[Stored items from a collection]
lemma prob_space_conv_pow:
  assumes M: "prob_space M" and [measurable_cong]: "sets M = sets borel"
  shows "prob_space (conv_pow M n)"
proof (induction n)
  case 0
  show ?case by (simp add: prob_space_return)
next
  case (Suc n)
  interpret M: prob_space M by (rule M)
  interpret N: prob_space "conv_pow M n" by (rule Suc)
  interpret P: prob_space "M \<Otimes>\<^sub>M conv_pow M n"
    by (rule prob_space_pair) unfold_locales
  show ?case unfolding conv_pow.simps convolution_def
    by (rule P.prob_space_distr) measurable
qed

text \<open>The affine shift \<open>A\<close> is what makes the induction go through: peeling off the
  first summand \<open>x\<close> turns \<open>A + |x + y|\<close> into the instance \<open>A + |x|\<close> of the hypothesis.\<close>

lemma nn_integral_conv_pow_abs_le:
  assumes M: "prob_space M" and sets_M [measurable_cong]: "sets M = sets borel"
    and moment: "(\<integral>\<^sup>+ w. ennreal \<bar>w\<bar> \<partial>M) \<le> ennreal C" and C: "0 \<le> C"
    and A: "0 \<le> A"
  shows "(\<integral>\<^sup>+ w. ennreal (A + \<bar>w\<bar>) \<partial>conv_pow M n) \<le> ennreal (A + real n * C)"
  using A
proof (induction n arbitrary: A)
  case 0
  thus ?case by (simp add: nn_integral_return)
next
  case (Suc n)
  interpret M: prob_space M by (rule M)
  interpret N: prob_space "conv_pow M n" by (rule prob_space_conv_pow[OF M sets_M])
  have "(\<integral>\<^sup>+ w. ennreal (A + \<bar>w\<bar>) \<partial>conv_pow M (Suc n))
      = (\<integral>\<^sup>+ x. \<integral>\<^sup>+ y. ennreal (A + \<bar>x + y\<bar>) \<partial>conv_pow M n \<partial>M)"
    unfolding conv_pow.simps
    by (rule nn_integral_convolution) (simp_all add: sets_M M.finite_measure_axioms N.finite_measure_axioms)
  also have "\<dots> \<le> (\<integral>\<^sup>+ x. \<integral>\<^sup>+ y. ennreal ((A + \<bar>x\<bar>) + \<bar>y\<bar>) \<partial>conv_pow M n \<partial>M)"
    by (intro nn_integral_mono ennreal_leI) (simp add: abs_triangle_ineq)
  also have "\<dots> \<le> (\<integral>\<^sup>+ x. ennreal (A + real n * C) + ennreal \<bar>x\<bar> \<partial>M)"
  proof (intro nn_integral_mono order.trans[OF Suc.IH])
    fix x :: real
    show "ennreal ((A + \<bar>x\<bar>) + real n * C) \<le> ennreal (A + real n * C) + ennreal \<bar>x\<bar>"
    proof -
      have "ennreal ((A + real n * C) + \<bar>x\<bar>) = ennreal (A + real n * C) + ennreal \<bar>x\<bar>"
        using Suc.prems C by (intro ennreal_plus) simp_all
      thus ?thesis by (simp add: add_ac)
    qed
  qed (use Suc.prems in simp)
  also have "\<dots> = ennreal (A + real n * C) + (\<integral>\<^sup>+ x. ennreal \<bar>x\<bar> \<partial>M)"
    by (simp add: nn_integral_add M.emeasure_space_1)
  also have "\<dots> \<le> ennreal (A + real n * C) + ennreal C"
    using moment by (rule add_left_mono)
  also have "\<dots> = ennreal (A + real (Suc n) * C)"
    using Suc.prems C by (simp add: algebra_simps flip: ennreal_plus)
  finally show ?case .
qed

lemma poisson_mean_sums:
  assumes lam: "0 < lam"
  shows "(\<lambda>n. real n * pmf (poisson_pmf lam) n) sums lam"
proof -
  have "(\<lambda>n. lam * (lam ^ n / fact n * exp (- lam))) sums (lam * (exp lam * exp (- lam)))"
    using exp_converges[of lam]
    by (intro sums_mult sums_mult2) (simp add: divide_inverse_commute scaleR_conv_of_real)
  moreover have "lam * (lam ^ n / fact n * exp (- lam))
      = real (Suc n) * pmf (poisson_pmf lam) (Suc n)" for n
    using lam by (simp add: fact_Suc divide_simps del: of_nat_Suc)
  ultimately have "(\<lambda>n. real (Suc n) * pmf (poisson_pmf lam) (Suc n)) sums lam"
    by (simp add: mult_exp_exp del: of_nat_Suc)
  hence "(\<lambda>n. real n * pmf (poisson_pmf lam) n) sums (lam + real 0 * pmf (poisson_pmf lam) 0)"
    by (subst sums_Suc_iff[symmetric])
  thus ?thesis by simp
qed

lemma nn_integral_poisson_affine:
  assumes lam: "0 < lam" and A: "0 \<le> A" and C: "0 \<le> C"
  shows "(\<integral>\<^sup>+ n. ennreal (A + real n * C) \<partial>measure_pmf (poisson_pmf lam)) = ennreal (A + lam * C)"
proof -
  have "(\<integral>\<^sup>+ n. ennreal (real n) \<partial>measure_pmf (poisson_pmf lam))
      = (\<Sum>n. ennreal (real n * pmf (poisson_pmf lam) n))"
    by (simp add: nn_integral_measure_pmf nn_integral_count_space_nat mult.commute ennreal_mult)
  also have "\<dots> = ennreal lam"
    by (rule suminf_ennreal_eq[OF _ poisson_mean_sums[OF lam]]) simp
  finally have mean: "(\<integral>\<^sup>+ n. ennreal (real n) \<partial>measure_pmf (poisson_pmf lam)) = ennreal lam" .
  have "(\<integral>\<^sup>+ n. ennreal (A + real n * C) \<partial>measure_pmf (poisson_pmf lam))
      = (\<integral>\<^sup>+ n. ennreal A + ennreal C * ennreal (real n) \<partial>measure_pmf (poisson_pmf lam))"
    using A C by (simp add: mult.commute ennreal_plus ennreal_mult)
  also have "\<dots> = ennreal A + ennreal C * ennreal lam"
    by (simp add: nn_integral_add nn_integral_cmult mean measure_pmf.emeasure_space_1)
  finally show ?thesis
    using A C lam by (simp add: mult.commute ennreal_plus ennreal_mult)
qed

lemma kernel_apply_Q_kernel_le:
  assumes lam: "0 < lam" and mark: "prob_space (mark_law \<alpha> \<theta>)"
    and moment: "(\<integral>\<^sup>+ w. ennreal \<bar>w\<bar> \<partial>mark_law \<alpha> \<theta>) \<le> ennreal C" and C: "0 \<le> C"
  shows "kernel_apply (Q_kernel lam \<alpha> \<theta>) (\<lambda>x. 1 + \<bar>x\<bar>) x
    \<le> ennreal (exp (- \<alpha>) * (1 + \<bar>x\<bar>) + (1 + lam * C - exp (- \<alpha>)))"
proof -
  define A where "A = 1 + exp (- \<alpha>) * \<bar>x\<bar>"
  have A: "0 \<le> A" by (simp add: A_def)
  have conv_pow_subprob:
    "conv_pow (mark_law \<alpha> \<theta>) \<in> measurable (measure_pmf (poisson_pmf lam)) (subprob_algebra borel)"
    using prob_space_conv_pow[OF mark]
    by (auto simp: space_subprob_algebra intro: prob_space_imp_subprob_space)
  have [measurable_cong]: "sets (W0_law lam \<alpha> \<theta>) = sets borel"
    unfolding W0_law_def using conv_pow_subprob by (simp add: sets_bind)
  have "kernel_apply (Q_kernel lam \<alpha> \<theta>) (\<lambda>x. 1 + \<bar>x\<bar>) x
      = (\<integral>\<^sup>+ w. ennreal (1 + \<bar>exp (- \<alpha>) * x + w\<bar>) \<partial>W0_law lam \<alpha> \<theta>)"
    unfolding kernel_apply_def Q_kernel_def by (simp add: nn_integral_distr)
  also have "\<dots> \<le> (\<integral>\<^sup>+ w. ennreal (A + \<bar>w\<bar>) \<partial>W0_law lam \<alpha> \<theta>)"
    by (intro nn_integral_mono ennreal_leI)
      (auto simp: A_def abs_mult intro: order.trans[OF abs_triangle_ineq])
  also have "\<dots> = (\<integral>\<^sup>+ n. \<integral>\<^sup>+ w. ennreal (A + \<bar>w\<bar>) \<partial>conv_pow (mark_law \<alpha> \<theta>) n
                    \<partial>measure_pmf (poisson_pmf lam))"
    unfolding W0_law_def by (rule nn_integral_bind[OF _ conv_pow_subprob]) simp
  also have "\<dots> \<le> (\<integral>\<^sup>+ n. ennreal (A + real n * C) \<partial>measure_pmf (poisson_pmf lam))"
    by (intro nn_integral_mono nn_integral_conv_pow_abs_le[OF mark _ moment C A]) simp
  also have "\<dots> = ennreal (A + lam * C)"
    by (rule nn_integral_poisson_affine[OF lam A C])
  finally show ?thesis by (simp add: A_def algebra_simps)
qed

theorem mainTheorem5:
  fixes lam \<alpha> K L m s :: real and \<theta> :: "real \<Rightarrow> real"
  assumes "0 < lam" "0 < \<alpha>" "0 < K" "0 < L" "0 < m" "s > 1/2"
    and "\<theta> \<in> Theta K L s m"
  shows "(\<forall>x. kernel_apply (Q_kernel lam \<alpha> \<theta>) (\<lambda>x. 1 + \<bar>x\<bar>) x
            \<le> ennreal (exp (- \<alpha>) * (1 + \<bar>x\<bar>) + (1 + lam * K powr (1 / (4 + m)) - exp (- \<alpha>))))
         \<and> drift_cond (Q_kernel lam \<alpha> \<theta>) (\<lambda>x. 1 + \<bar>x\<bar>) (exp (- \<alpha>))
              (1 + lam * K powr (1 / (4 + m)) - exp (- \<alpha>))"
proof -
  note \<theta> = Theta_D[OF assms(7)]
  have mark: "prob_space (mark_law \<alpha> \<theta>)"
    by (intro prob_space_mark_law prob_space_density_lborel \<theta>)
  have "(\<integral>\<^sup>+ w. ennreal \<bar>w\<bar> \<partial>mark_law \<alpha> \<theta>) \<le> (\<integral>\<^sup>+ y. ennreal (\<theta> y * \<bar>y\<bar>) \<partial>lborel)"
    using assms(2) by (intro nn_integral_abs_mark_law_le \<theta>(1,2)) simp
  also have "\<dots> \<le> ennreal (K powr (1 / (4 + m)))"
    using assms(3,5) by (intro nn_integral_abs_density_le_moment_root \<theta>) simp_all
  finally have moment: "(\<integral>\<^sup>+ w. ennreal \<bar>w\<bar> \<partial>mark_law \<alpha> \<theta>) \<le> ennreal (K powr (1 / (4 + m)))" .
  have drift: "\<forall>x. kernel_apply (Q_kernel lam \<alpha> \<theta>) (\<lambda>x. 1 + \<bar>x\<bar>) x
      \<le> ennreal (exp (- \<alpha>) * (1 + \<bar>x\<bar>) + (1 + lam * K powr (1 / (4 + m)) - exp (- \<alpha>)))"
    using kernel_apply_Q_kernel_le[OF assms(1) mark moment] by simp
  have "exp (- \<alpha>) < 1" using assms(2) by simp
  moreover have "0 \<le> 1 + lam * K powr (1 / (4 + m)) - exp (- \<alpha>)"
    using calculation assms(1) by (smt (verit) mult_nonneg_nonneg powr_ge_zero)
  ultimately show ?thesis using drift by (simp add: drift_cond_def)
qed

(YOUR ASSIGNMENT)
Only the lines above from the one with "proof (intro nn_integral_mono" up to and including the one with "using lam by" should be repeated, exactly as written.

(SOLUTION FOR THIS PROBLEM)
  proof (intro nn_integral_mono order.trans[OF Suc.IH])
    fix x :: real
    show "ennreal ((A + \<bar>x\<bar>) + real n * C) \<le> ennreal (A + real n * C) + ennreal \<bar>x\<bar>"
    proof -
      have "ennreal ((A + real n * C) + \<bar>x\<bar>) = ennreal (A + real n * C) + ennreal \<bar>x\<bar>"
        using Suc.prems C by (intro ennreal_plus) simp_all
      thus ?thesis by (simp add: add_ac)
    qed
  qed (use Suc.prems in simp)
  also have "\<dots> = ennreal (A + real n * C) + (\<integral>\<^sup>+ x. ennreal \<bar>x\<bar> \<partial>M)"
    by (simp add: nn_integral_add M.emeasure_space_1)
  also have "\<dots> \<le> ennreal (A + real n * C) + ennreal C"
    using moment by (rule add_left_mono)
  also have "\<dots> = ennreal (A + real (Suc n) * C)"
    using Suc.prems C by (simp add: algebra_simps flip: ennreal_plus)
  finally show ?case .
qed

lemma poisson_mean_sums:
  assumes lam: "0 < lam"
  shows "(\<lambda>n. real n * pmf (poisson_pmf lam) n) sums lam"
proof -
  have "(\<lambda>n. lam * (lam ^ n / fact n * exp (- lam))) sums (lam * (exp lam * exp (- lam)))"
    using exp_converges[of lam]
    by (intro sums_mult sums_mult2) (simp add: divide_inverse_commute scaleR_conv_of_real)
  moreover have "lam * (lam ^ n / fact n * exp (- lam))
      = real (Suc n) * pmf (poisson_pmf lam) (Suc n)" for n
    using lam by (simp add: fact_Suc divide_simps del: of_nat_Suc)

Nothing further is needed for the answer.